text \<open>One-dimensional white noise on U: a random distribution whose values on test functions
  are jointly centred Gaussian with covariance  E[<xi,phi><xi,psi>] = int_0^inf phi psi
  (joint Gaussianity: every finite linear combination is centred Gaussian with the
  variance prescribed by the covariance).\<close>

definition white_noise :: "'a measure \<Rightarrow> ('a \<Rightarrow> (real \<Rightarrow> real) \<Rightarrow> real) \<Rightarrow> bool" where
  "white_noise M \<xi> \<longleftrightarrow>
     (\<forall>\<omega>\<in>space M. is_distribution (\<xi> \<omega>)) \<and>
     (\<forall>\<phi>. test_fun \<phi> \<longrightarrow> (\<lambda>\<omega>. \<xi> \<omega> \<phi>) \<in> borel_measurable M) \<and>
     (\<forall>(\<phi>s :: (real \<Rightarrow> real) list) (cs :: real list).
        length cs = length \<phi>s \<longrightarrow> (\<forall>\<phi>\<in>set \<phi>s. test_fun \<phi>) \<longrightarrow>
        centred_gaussian M (\<lambda>\<omega>. \<Sum>i<length \<phi>s. cs ! i * \<xi> \<omega> (\<phi>s ! i))
          (\<Sum>i<length \<phi>s. \<Sum>j<length \<phi>s.
              cs ! i * cs ! j * integral {0<..} (\<lambda>x. (\<phi>s ! i) x * (\<phi>s ! j) x)))"

text \<open>m-dimensional white noise (components indexed 1..m): independent one-dimensional
  white noises (independence of the random distributions, viewed as random elements of
  the product space of their values on all test functions).\<close>

definition white_noise_m :: "'a measure \<Rightarrow> nat \<Rightarrow> (nat \<Rightarrow> 'a \<Rightarrow> (real \<Rightarrow> real) \<Rightarrow> real) \<Rightarrow> bool" where
  "white_noise_m M m \<xi> \<longleftrightarrow>
     (\<forall>l\<in>{1..m}. white_noise M (\<xi> l)) \<and>
     prob_space.indep_vars M (\<lambda>_. Pi\<^sub>M {\<phi>. test_fun \<phi>} (\<lambda>_. borel))
        (\<lambda>l \<omega>. restrict (\<xi> l \<omega>) {\<phi>. test_fun \<phi>}) {1..m}"

text \<open>The set E(k): test functions phi for which the covariance matrix of
  (<xi,phi>, <xi',phi>, ..., <xi^(k-1),phi>) for a one-dimensional white noise is nonsingular.
  Its (i,j) entry is E[<xi^(i),phi><xi^(j),phi>] = (-1)^(i+j) int_0^inf phi^(i) phi^(j).\<close>

definition cov_deriv :: "(real \<Rightarrow> real) \<Rightarrow> nat \<Rightarrow> nat \<Rightarrow> real" where
  "cov_deriv \<phi> i j = (-1) ^ (i + j) * integral {0<..} (\<lambda>x. (deriv ^^ i) \<phi> x * (deriv ^^ j) \<phi> x)"

definition E_set :: "nat \<Rightarrow> (real \<Rightarrow> real) set" where
  "E_set k = {\<phi>. test_fun \<phi> \<and>
     (\<forall>a :: nat \<Rightarrow> real. (\<forall>i<k. (\<Sum>j<k. cov_deriv \<phi> i j * a j) = 0) \<longrightarrow> (\<forall>j<k. a j = 0))}"

end

theory Submission
  imports Defs
begin

(* Fix t. By the defining formula, sum_j t_j <v_j, phi> is a constant plus a sum over l of
   independent centred Gaussian variables <xi_l, sum_d a_ld phi^(d)>, so it is Gaussian with
   variance Q(t), a quadratic form in t. Since phi lies in E(q1), the derivatives phi, ...,
   phi^(q1-1) have a nonsingular Gram matrix, and a nonzero t with least nonzero index p puts
   the coefficient t_p rho_rl on phi^(r-p); hence Q is positive definite in t_1, ..., t_r.
   A Gram-Schmidt (LDL) diagonalisation of Q shows that the law of (<v_1, phi>, ..., <v_r, phi>)
   has the characteristic function of the image of a product of nondegenerate normal laws
   under a unitriangular affine map. Characteristic functions determine finite measures on
   R^r, and unitriangular affine maps preserve Lebesgue measure, so this law is absolutely
   continuous. For j > r all rho_k with k >= j vanish, so <v_j, phi> is constant. *)

section \<open>Gaussian laws on the real line\<close>

definition gauss_law :: "real \<Rightarrow> real \<Rightarrow> real measure" where
  "gauss_law a q = (if q = 0 then return borel a else density lborel (normal_density a (sqrt q)))"

lemma sets_gauss_law [simp, measurable_cong]: "sets (gauss_law a q) = sets borel"
  by (simp add: gauss_law_def)

lemma real_distribution_gauss_law: "0 \<le> q \<Longrightarrow> real_distribution (gauss_law a q)"
  by (cases "q = 0")
     (simp_all add: gauss_law_def real_distribution_def real_distribution_axioms_def
        prob_space_return prob_space_normal_density)

lemma centred_gaussian_iff_gauss_law:
  "centred_gaussian M X q \<longleftrightarrow> X \<in> borel_measurable M \<and> 0 \<le> q \<and> distr M borel X = gauss_law 0 q"
  by (simp add: centred_gaussian_def gauss_law_def)

lemma gaussian_rvI_gauss_law:
  assumes "X \<in> borel_measurable M" "0 \<le> q" "distr M borel X = gauss_law a q"
  shows "gaussian_rv M X"
  unfolding gaussian_rv_def
  using assms by (intro conjI exI[of _ a] exI[of _ "sqrt q"]) (auto simp: gauss_law_def)

lemma char_normal_density:
  assumes "0 < s"
  shows "char (density lborel (normal_density a s)) t = iexp (t * a) * exp (- ((s * t)\<^sup>2) / 2)"
proof -
  interpret S: prob_space std_normal_distribution
    by (simp add: prob_space_normal_density)
  have "distributed std_normal_distribution lborel (\<lambda>x. x) (normal_density 0 1)"
    by (auto simp: distributed_def distr_id2)
  then have "distributed std_normal_distribution lborel (\<lambda>x. a + s * x) (normal_density (a + s * 0) (\<bar>s\<bar> * 1))"
    by (rule S.normal_density_affine) (use assms in auto)
  then have law: "distr std_normal_distribution lborel (\<lambda>x. a + s * x) = density lborel (normal_density a s)"
    using assms by (simp add: distributed_def)
  have "char (density lborel (normal_density a s)) t = (CLINT x|std_normal_distribution. iexp (t * (a + s * x)))"
    unfolding char_def law[symmetric] by (subst integral_distr) auto
  also have "\<dots> = (CLINT x|std_normal_distribution. iexp (t * a) * iexp ((s * t) * x))"
    by (rule Bochner_Integration.integral_cong) (auto simp: algebra_simps exp_add[symmetric])
  also have "\<dots> = iexp (t * a) * char std_normal_distribution (s * t)"
    unfolding char_def by simp
  finally show ?thesis by (simp add: char_std_normal_distribution)
qed

lemma char_gauss_law:
  assumes "0 \<le> q"
  shows "char (gauss_law a q) t = iexp (t * a) * exp (- q * t\<^sup>2 / 2)"
proof (cases "q = 0")
  case True
  then show ?thesis by (simp add: gauss_law_def char_def integral_return)
next
  case False
  with assms show ?thesis
    by (simp add: gauss_law_def char_normal_density power_mult_distrib)
qed

lemma (in prob_space) distr_eq_gauss_lawI:
  assumes "X \<in> borel_measurable M" "0 \<le> q"
    and "\<And>t. char (distr M borel X) t = iexp (t * a) * exp (- q * t\<^sup>2 / 2)"
  shows "distr M borel X = gauss_law a q"
  using assms
  by (intro Levy_uniqueness) (auto simp: char_gauss_law real_distribution_gauss_law)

---

When a line in the listing includes the word "text", report that line in full.

> Answer space
text \<open>One-dimensional white noise on U: a random distribution whose values on test functions
text \<open>m-dimensional white noise (components indexed 1..m): independent one-dimensional
text \<open>The set E(k): test functions phi for which the covariance matrix of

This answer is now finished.